Foster finds that the repercussions for criminal behavior in Latoka come with retributive justice (i.e., execution) for the offending party. While this is inescapable and inflexible for the indigenous population, tourists are presented with an opportunity. Pay the police a tidy sum of money and your crimes will be paid back by a duplicate in the wrongdoer’s exact shape and form.
While the Latokan justice system seems overly brutal and punitive, it becomes a vector for commodification of the Latokans’ culture for people like Foster. Since the foreigners of the First World can pay to circumvent its internal rules, structure, and cultural significance, it becomes an object of commodity and entertainment for those sick enough to enjoy its brutality from a safe distance.

Juxtaposed with commodified cultural experiences the resort offers as entrainment and it becomes clear that the Latokans themselves exist as more of an element of theming and cultural intrigue to the bloodthirsty and experience-hunting tourists.
Foster becomes fascinated with the process of watching his duplicate die, ridding himself from the moral consequences of his actions so long as he can pay for duplicates. He descends further and further into hedonism and debauchery, disregarding any tethers to morality outside the likeminded group he finds himself in, which all similarly partake.

“Infinity Pool” confronts an immoral system ripe for exploitation, dissecting the exact kind of person who both shaped that system and will be shaped by it in turn. James’ status as an ethnic and cultural outsider forbids Foster from suffering any consequence for any of his crimes, seeking pleasure and violence to reignite a supposed ideal of masculinity and distract himself from his abject meaninglessness.
Foster is eventually faced with the consequences of these behaviors, just not in a traditional fashion. While he only experiences the psychological repercussions of this illicit system, the locals can only achieve a semblance of psychological and material retribution on facsimiles of their malefactors.
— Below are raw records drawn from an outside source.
lemma via_dist_katetov:
  assumes RU: "rational_Urysohn d" and fX: "finite X" and Kd: "\<forall>s\<in>Q. \<forall>t\<in>Q. d s t \<le> K"
    and K0: "0 \<le> K"
  shows "\<forall>s\<in>Q. \<forall>t\<in>Q. d s t \<le> via_dist d K X w s + via_dist d K X w t"
proof (intro ballI)
  fix s t assume s: "s \<in> Q" and t: "t \<in> Q"
  let ?L = "via_dist d K X w"
  have L0: "?L s \<ge> 0" "?L t \<ge> 0" using via_dist_nonneg[OF RU fX K0] by auto
  show "d s t \<le> ?L s + ?L t"
  proof (cases "?L s = K \<or> ?L t = K")
    case True
    then show ?thesis using Kd s t L0 by force
  next
    case False
    then obtain x y where x: "?L s = d w x + d x s" and y: "?L t = d w y + d y t"
      using via_dist_cases[OF fX, of d K w] by metis
    have "d s t \<le> d s x + d x w + (d w y + d y t)"
      using dtri[OF RU, of s t x] dtri[OF RU, of x t w] dtri[OF RU, of w t y] by linarith
    then show ?thesis using x y dsym[OF RU, of s x] dsym[OF RU, of x w] by linarith
  qed
qed

lemma maximal_move:
  assumes RU: "rational_Urysohn d" and fQ: "finite Q" and XQ: "X \<subseteq> Q"
    and Kd: "\<forall>s\<in>Q. \<forall>t\<in>Q. d s t \<le> K" and K0: "0 \<le> K" and wK: "\<forall>x\<in>X. d w x \<le> K"
  shows "\<exists>h\<in>iso_fix d X. \<forall>u\<in>Q. d (h w) u = via_dist d K X w u"
proof -
  have fX: "finite X" using fQ XQ finite_subset by blast
  have nn: "\<forall>u\<in>Q. 0 \<le> via_dist d K X w u" using via_dist_nonneg[OF RU fX K0] by blast
  have lip: "\<forall>s\<in>Q. \<forall>t\<in>Q. via_dist d K X w s \<le> via_dist d K X w t + d s t"
    using via_dist_lipschitz[OF RU fX] dsym[OF RU] by metis
  obtain z where z: "\<forall>u\<in>Q. d z u = via_dist d K X w u"
    using katetov_realized[OF RU fQ nn lip via_dist_katetov[OF RU fX Kd K0]] by blast
  have "\<forall>x\<in>X. d z x = d w x" using z XQ via_dist_on_set[OF RU fX] wK by (metis subsetD)
  then obtain h where "h \<in> iso_fix d X" "h w = z" using iso_fix_orbit[OF RU fX] by blast
  then show ?thesis using z by blast
qed

text \<open>Write \<open>P = via_dist d K C w0\<close> for the target distances. If the
  distances of \<open>w\<close> to \<open>X \<supseteq> C\<close> are at least \<open>P\<close> truncated at \<open>t\<close>, then the maximal move
  over \<open>X\<close> places \<open>w\<close> at least \<open>min P (t + m)\<close> away from every point \<open>u\<close> at distance
  \<open>\<ge> m\<close> from \<open>X\<close>: a path through \<open>X\<close> either already has length \<open>\<ge> P u\<close> or passes a point
  at distance \<open>\<ge> t\<close> and then makes a further step \<open>\<ge> m\<close>.\<close>
lemma via_dist_raises_bound:
  assumes RU: "rational_Urysohn d" and fX: "finite X" and CX: "C \<subseteq> X"
    and sep: "\<forall>x\<in>X. m \<le> d x u"
    and low: "\<forall>x\<in>X. min (via_dist d K C w0 x) t \<le> d w x"
  shows "min (via_dist d K C w0 u) (t + m) \<le> via_dist d K X w u"
proof -
  have fC: "finite C" using fX CX finite_subset by blast
  from via_dist_cases[OF fX, of d K w u] show ?thesis
  proof
    assume "via_dist d K X w u = K"
    then show ?thesis using via_dist_le_cap[OF fC, of d K w0 u] by (simp add: min.coboundedI1)
  next
    assume "\<exists>x\<in>X. via_dist d K X w u = d w x + d x u"
    then obtain x where x: "x \<in> X" and L: "via_dist d K X w u = d w x + d x u" by blast
    have lip: "via_dist d K C w0 u \<le> via_dist d K C w0 x + d x u"
      using via_dist_lipschitz[OF RU fC] .
    show ?thesis
    proof (cases "via_dist d K C w0 x \<le> t")
      case True
      then have "via_dist d K C w0 x \<le> d w x" using low x by (metis min.absorb1)
      then have "via_dist d K C w0 u \<le> d w x + d x u" using lip by linarith
      then show ?thesis using L by (simp add: min.coboundedI1)
    next
      case False
      then have "t \<le> d w x" using low x by (metis min.absorb2 nle_le)
      then have "t + m \<le> d w x + d x u" using sep x by (simp add: add_mono)
      then show ?thesis using L by (simp add: min.coboundedI2)
    qed
  qed
qed

lemma half_round:
  assumes RU: "rational_Urysohn d" and fQ: "finite Q" and CX: "C \<subseteq> X" and XQ: "X \<subseteq> Q"
    and Kd: "\<forall>s\<in>Q. \<forall>t\<in>Q. d s t \<le> K" and K0: "0 \<le> K"
    and sep: "\<forall>s\<in>Q. \<forall>t\<in>Q. s \<noteq> t \<longrightarrow> m \<le> d s t"
    and wK: "\<forall>u\<in>Q. d w u \<le> K"
    and low: "\<forall>x\<in>X. min (via_dist d K C w0 x) t \<le> d w x"
  shows "\<exists>h\<in>iso_fix d X. (\<forall>x\<in>X. d (h w) x = d w x) \<and> (\<forall>u\<in>Q. d (h w) u \<le> K)
          \<and> (\<forall>u\<in>Q - X. min (via_dist d K C w0 u) (t + m) \<le> d (h w) u)"
proof -
  have fX: "finite X" using fQ XQ finite_subset by blast
  obtain h where h: "h \<in> iso_fix d X" and hw: "\<forall>u\<in>Q. d (h w) u = via_dist d K X w u"
    using maximal_move[OF RU fQ XQ Kd K0] wK XQ by blast
  have "\<forall>x\<in>X. d (h w) x = d w x" using hw XQ wK via_dist_on_set[OF RU fX] by auto
  moreover have "\<forall>u\<in>Q. d (h w) u \<le> K" using hw via_dist_le_cap[OF fX] by simp
  moreover have "min (via_dist d K C w0 u) (t + m) \<le> d (h w) u" if u: "u \<in> Q - X" for u
  proof -
    have "\<forall>x\<in>X. m \<le> d x u" using sep XQ u by auto
    then show ?thesis using via_dist_raises_bound[OF RU fX CX _ low] hw u by auto
  qed
  ultimately show ?thesis using h by blast
qed

definition amalgam_approx ::
    "('a \<Rightarrow> 'a \<Rightarrow> rat) \<Rightarrow> rat \<Rightarrow> 'a set \<Rightarrow> 'a set \<Rightarrow> 'a \<Rightarrow> rat \<Rightarrow> 'a \<Rightarrow> bool" where
  "amalgam_approx d K C Q w0 t w \<longleftrightarrow> (\<forall>c\<in>C. d w c = d w0 c) \<and>
     (\<forall>u\<in>Q. d w u \<le> K \<and> min (via_dist d K C w0 u) t \<le> d w u)"

lemma amalgam_approx_start:
  assumes RU: "rational_Urysohn d" and "\<forall>c\<in>C. d w c = d w0 c" and "\<forall>u\<in>Q. d w u \<le> K"
  shows "amalgam_approx d K C Q w0 0 w"
  using assms dpos[OF RU, of w] by (auto simp: amalgam_approx_def min.coboundedI2)

text \<open>Once the truncation level exceeds \<open>K\<close>, the distances to \<open>Q\<close> are pinned down exactly;
  they depend only on the distances of \<open>w0\<close> to \<open>C\<close>.\<close>
lemma amalgam_approx_exact:
  assumes RU: "rational_Urysohn d" and fC: "finite C" and Kt: "K \<le> t"
    and w: "amalgam_approx d K C Q w0 t w" and u: "u \<in> Q"
  shows "d w u = via_dist d K C w0 u"
proof (rule antisym)
  have "via_dist d K C w0 u \<le> t" using via_dist_le_cap[OF fC] Kt order_trans by blast
  then show "via_dist d K C w0 u \<le> d w u"
    using w u by (auto simp: amalgam_approx_def min_absorb1)
  show "d w u \<le> via_dist d K C w0 u"
    using via_dist_maximal[OF RU fC] w u by (auto simp: amalgam_approx_def)
qed

text \<open>Distances to \<open>C = A \<inter> B\<close> are never changed, and there the lower
  bound holds anyway.\<close>
lemma round_raises:
  assumes RU: "rational_Urysohn d" and fA: "finite A" and fB: "finite B"
    and Kd: "\<forall>s\<in>A \<union> B. \<forall>t\<in>A \<union> B. d s t \<le> K" and K0: "0 \<le> K" and m0: "0 \<le> m"
    and sep: "\<forall>s\<in>A \<union> B. \<forall>t\<in>A \<union> B. s \<noteq> t \<longrightarrow> m \<le> d s t"
    and w: "amalgam_approx d K (A \<inter> B) (A \<union> B) w0 t w"
  shows "\<exists>h\<in>iso_join d A B. amalgam_approx d K (A \<inter> B) (A \<union> B) w0 (t + m) (h w)"
proof -
  let ?Q = "A \<union> B" and ?C = "A \<inter> B"
  let ?P = "via_dist d K ?C w0"
  have fQ: "finite ?Q" and fC: "finite ?C" using fA fB by auto
  have PC: "?P c \<le> d w0 c" if "c \<in> ?C" for c
    using via_dist_le[OF fC that, of d K w0 c] d_refl[OF RU, of c] by simp
  have wC: "\<forall>c\<in>?C. d w c = d w0 c" and wK: "\<forall>u\<in>?Q. d w u \<le> K"
    and wlow: "\<forall>u\<in>?Q. min (?P u) t \<le> d w u"
    using w by (auto simp: amalgam_approx_def)
  obtain h1 where h1: "h1 \<in> iso_fix d A" and h1A: "\<forall>x\<in>A. d (h1 w) x = d w x"
    and h1K: "\<forall>u\<in>?Q. d (h1 w) u \<le> K"
    and h1low: "\<forall>u\<in>?Q - A. min (?P u) (t + m) \<le> d (h1 w) u"
    using half_round[OF RU fQ _ _ Kd K0 sep, of ?C A w w0 t] wK wlow by auto
  have h1lowB: "\<forall>x\<in>B. min (?P x) (t + m) \<le> d (h1 w) x"
    using h1A h1low wC PC by (fastforce simp: min.coboundedI1)
  obtain h2 where h2: "h2 \<in> iso_fix d B" and h2B: "\<forall>x\<in>B. d (h2 (h1 w)) x = d (h1 w) x"
    and h2K: "\<forall>u\<in>?Q. d (h2 (h1 w)) u \<le> K"
    and h2low: "\<forall>u\<in>?Q - B. min (?P u) (t + m + m) \<le> d (h2 (h1 w)) u"
    using half_round[OF RU fQ _ _ Kd K0 sep, of ?C B "h1 w" w0 "t + m"] h1K h1lowB by auto
  have "min (?P u) (t + m) \<le> d (h2 (h1 w)) u" if "u \<in> ?Q" for u
  proof (cases "u \<in> B")
    case True
    then show ?thesis using h1lowB h2B by simp
  next
    case False
    have "min (?P u) (t + m) \<le> min (?P u) (t + m + m)" using m0 by (simp add: min.mono)
    also have "\<dots> \<le> d (h2 (h1 w)) u" using h2low that False by blast
    finally show ?thesis .
  qed
  then have "amalgam_approx d K ?C ?Q w0 (t + m) ((h2 \<circ> h1) w)"
    using h1A h2B wC h2K by (auto simp: amalgam_approx_def)
  moreover have "h2 \<circ> h1 \<in> iso_join d A B"
    using generate_comp[OF iso_join_generators_bij iso_join_inclB[OF h2] iso_join_inclA[OF h1]] .
  ultimately show ?thesis by blast
qed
No wonder Foster falls prey to his violent impulses, his status as a failed yet contradictorily wealthy writer imbues his soul with a cavernous void ripe for suggestion by his violent and likeminded group of murder tourists. When he rebukes them in a moment of clarity, he’s faced with a group desperate to keep him as low and servile to his violent impulses as they are.
When push comes to shove, what can save a person from themselves when everything is transactional? Every facet of their foreign yet manufactured environment is built to accommodate every vice and trusts in the depths of their wallets. What incentive do they have to even think about stopping while they’ve got ample funds and lax morals?